>>>>
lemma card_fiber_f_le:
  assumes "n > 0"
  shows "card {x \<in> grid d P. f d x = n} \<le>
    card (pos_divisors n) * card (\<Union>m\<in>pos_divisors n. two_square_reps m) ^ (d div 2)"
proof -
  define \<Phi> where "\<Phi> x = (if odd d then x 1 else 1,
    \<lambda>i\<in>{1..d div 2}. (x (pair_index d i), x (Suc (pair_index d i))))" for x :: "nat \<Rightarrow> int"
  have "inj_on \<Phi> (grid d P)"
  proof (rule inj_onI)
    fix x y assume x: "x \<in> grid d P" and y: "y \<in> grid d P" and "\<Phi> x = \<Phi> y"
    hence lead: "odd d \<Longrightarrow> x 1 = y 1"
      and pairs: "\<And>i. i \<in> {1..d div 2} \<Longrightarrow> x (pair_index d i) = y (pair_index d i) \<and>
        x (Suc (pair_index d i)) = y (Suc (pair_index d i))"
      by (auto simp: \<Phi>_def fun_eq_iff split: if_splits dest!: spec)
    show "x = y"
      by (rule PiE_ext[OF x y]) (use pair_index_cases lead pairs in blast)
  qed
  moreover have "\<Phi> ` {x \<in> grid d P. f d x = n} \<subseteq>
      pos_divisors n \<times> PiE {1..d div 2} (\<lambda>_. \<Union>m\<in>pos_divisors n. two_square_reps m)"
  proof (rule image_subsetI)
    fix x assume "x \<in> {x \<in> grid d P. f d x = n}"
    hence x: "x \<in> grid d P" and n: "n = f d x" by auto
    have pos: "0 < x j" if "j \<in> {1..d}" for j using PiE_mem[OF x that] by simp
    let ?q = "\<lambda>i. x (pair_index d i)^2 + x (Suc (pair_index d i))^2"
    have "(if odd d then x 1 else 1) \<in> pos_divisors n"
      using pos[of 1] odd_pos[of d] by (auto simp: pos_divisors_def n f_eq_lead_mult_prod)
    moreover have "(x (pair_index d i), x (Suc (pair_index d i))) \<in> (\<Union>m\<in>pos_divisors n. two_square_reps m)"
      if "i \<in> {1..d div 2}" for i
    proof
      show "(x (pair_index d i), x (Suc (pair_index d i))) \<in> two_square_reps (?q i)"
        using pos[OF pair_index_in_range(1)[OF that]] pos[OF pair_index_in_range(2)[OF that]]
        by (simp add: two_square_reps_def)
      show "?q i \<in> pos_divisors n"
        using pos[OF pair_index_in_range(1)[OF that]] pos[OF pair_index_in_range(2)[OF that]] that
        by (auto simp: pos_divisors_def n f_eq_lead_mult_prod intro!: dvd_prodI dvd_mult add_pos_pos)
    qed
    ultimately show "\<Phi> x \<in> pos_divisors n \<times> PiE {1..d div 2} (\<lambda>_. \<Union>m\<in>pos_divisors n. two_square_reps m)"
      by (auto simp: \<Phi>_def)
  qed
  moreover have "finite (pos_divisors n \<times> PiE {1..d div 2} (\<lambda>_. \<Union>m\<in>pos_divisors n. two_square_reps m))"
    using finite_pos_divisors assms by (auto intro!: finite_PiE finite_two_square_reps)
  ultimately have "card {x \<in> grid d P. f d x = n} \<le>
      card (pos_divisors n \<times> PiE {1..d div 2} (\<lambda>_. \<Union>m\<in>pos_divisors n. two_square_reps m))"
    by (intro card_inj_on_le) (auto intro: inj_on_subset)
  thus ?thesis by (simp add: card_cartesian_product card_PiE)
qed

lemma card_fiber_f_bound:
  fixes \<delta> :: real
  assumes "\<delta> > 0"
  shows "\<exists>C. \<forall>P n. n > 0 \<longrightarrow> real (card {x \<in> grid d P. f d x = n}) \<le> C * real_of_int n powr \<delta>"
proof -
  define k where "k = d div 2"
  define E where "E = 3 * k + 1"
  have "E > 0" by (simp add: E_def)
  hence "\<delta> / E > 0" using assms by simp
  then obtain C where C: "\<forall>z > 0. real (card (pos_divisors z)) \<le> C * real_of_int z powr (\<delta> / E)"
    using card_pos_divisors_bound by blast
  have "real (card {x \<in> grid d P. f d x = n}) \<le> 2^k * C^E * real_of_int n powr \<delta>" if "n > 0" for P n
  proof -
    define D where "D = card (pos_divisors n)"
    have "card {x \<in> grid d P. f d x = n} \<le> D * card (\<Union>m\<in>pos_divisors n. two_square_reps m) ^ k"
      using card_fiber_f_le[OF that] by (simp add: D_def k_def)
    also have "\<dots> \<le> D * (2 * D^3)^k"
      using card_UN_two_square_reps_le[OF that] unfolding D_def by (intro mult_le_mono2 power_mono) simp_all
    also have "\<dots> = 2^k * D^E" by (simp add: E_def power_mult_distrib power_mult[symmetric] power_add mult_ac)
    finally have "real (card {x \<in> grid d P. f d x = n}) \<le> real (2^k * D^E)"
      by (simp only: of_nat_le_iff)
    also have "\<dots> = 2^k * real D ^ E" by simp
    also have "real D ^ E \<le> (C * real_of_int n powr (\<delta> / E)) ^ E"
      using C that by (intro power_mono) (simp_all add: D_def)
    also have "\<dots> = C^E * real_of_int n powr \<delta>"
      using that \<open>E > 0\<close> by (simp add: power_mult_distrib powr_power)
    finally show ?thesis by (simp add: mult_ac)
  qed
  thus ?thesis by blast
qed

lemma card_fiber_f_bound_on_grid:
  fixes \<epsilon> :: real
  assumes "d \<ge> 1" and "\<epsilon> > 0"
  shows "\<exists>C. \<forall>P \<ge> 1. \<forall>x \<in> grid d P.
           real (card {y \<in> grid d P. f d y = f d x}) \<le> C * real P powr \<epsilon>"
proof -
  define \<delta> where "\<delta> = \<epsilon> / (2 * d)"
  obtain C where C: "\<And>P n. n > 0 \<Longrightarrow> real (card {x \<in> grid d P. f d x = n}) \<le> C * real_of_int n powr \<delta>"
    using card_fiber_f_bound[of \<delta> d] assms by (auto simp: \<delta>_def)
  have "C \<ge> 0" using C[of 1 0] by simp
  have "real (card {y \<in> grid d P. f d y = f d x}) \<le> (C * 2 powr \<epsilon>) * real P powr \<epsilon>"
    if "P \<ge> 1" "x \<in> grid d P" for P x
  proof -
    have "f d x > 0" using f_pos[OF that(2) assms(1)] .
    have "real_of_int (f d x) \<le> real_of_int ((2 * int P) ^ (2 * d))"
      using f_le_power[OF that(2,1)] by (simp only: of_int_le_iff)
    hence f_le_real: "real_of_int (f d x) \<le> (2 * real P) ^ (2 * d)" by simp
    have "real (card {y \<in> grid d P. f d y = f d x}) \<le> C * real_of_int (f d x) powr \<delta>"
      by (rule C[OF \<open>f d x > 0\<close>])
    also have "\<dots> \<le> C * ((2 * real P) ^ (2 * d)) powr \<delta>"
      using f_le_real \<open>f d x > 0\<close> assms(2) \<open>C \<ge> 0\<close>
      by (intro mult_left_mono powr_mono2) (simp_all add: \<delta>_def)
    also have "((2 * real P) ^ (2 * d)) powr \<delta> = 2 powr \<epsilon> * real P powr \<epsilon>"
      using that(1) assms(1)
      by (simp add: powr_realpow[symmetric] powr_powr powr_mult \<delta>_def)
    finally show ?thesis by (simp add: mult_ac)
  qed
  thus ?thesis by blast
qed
<<<<
Your answer should hold only the lines from the one with "C * real P powr" through the end of the listing above, both ends included, written out exactly.

- Solution for this task -
           real (card {y \<in> grid d P. f d y = f d x}) \<le> C * real P powr \<epsilon>"
proof -
  define \<delta> where "\<delta> = \<epsilon> / (2 * d)"
  obtain C where C: "\<And>P n. n > 0 \<Longrightarrow> real (card {x \<in> grid d P. f d x = n}) \<le> C * real_of_int n powr \<delta>"
    using card_fiber_f_bound[of \<delta> d] assms by (auto simp: \<delta>_def)
  have "C \<ge> 0" using C[of 1 0] by simp
  have "real (card {y \<in> grid d P. f d y = f d x}) \<le> (C * 2 powr \<epsilon>) * real P powr \<epsilon>"
    if "P \<ge> 1" "x \<in> grid d P" for P x
  proof -
    have "f d x > 0" using f_pos[OF that(2) assms(1)] .
    have "real_of_int (f d x) \<le> real_of_int ((2 * int P) ^ (2 * d))"
      using f_le_power[OF that(2,1)] by (simp only: of_int_le_iff)
    hence f_le_real: "real_of_int (f d x) \<le> (2 * real P) ^ (2 * d)" by simp
    have "real (card {y \<in> grid d P. f d y = f d x}) \<le> C * real_of_int (f d x) powr \<delta>"
      by (rule C[OF \<open>f d x > 0\<close>])
    also have "\<dots> \<le> C * ((2 * real P) ^ (2 * d)) powr \<delta>"
      using f_le_real \<open>f d x > 0\<close> assms(2) \<open>C \<ge> 0\<close>
      by (intro mult_left_mono powr_mono2) (simp_all add: \<delta>_def)
    also have "((2 * real P) ^ (2 * d)) powr \<delta> = 2 powr \<epsilon> * real P powr \<epsilon>"
      using that(1) assms(1)
      by (simp add: powr_realpow[symmetric] powr_powr powr_mult \<delta>_def)
    finally show ?thesis by (simp add: mult_ac)
  qed
  thus ?thesis by blast
qed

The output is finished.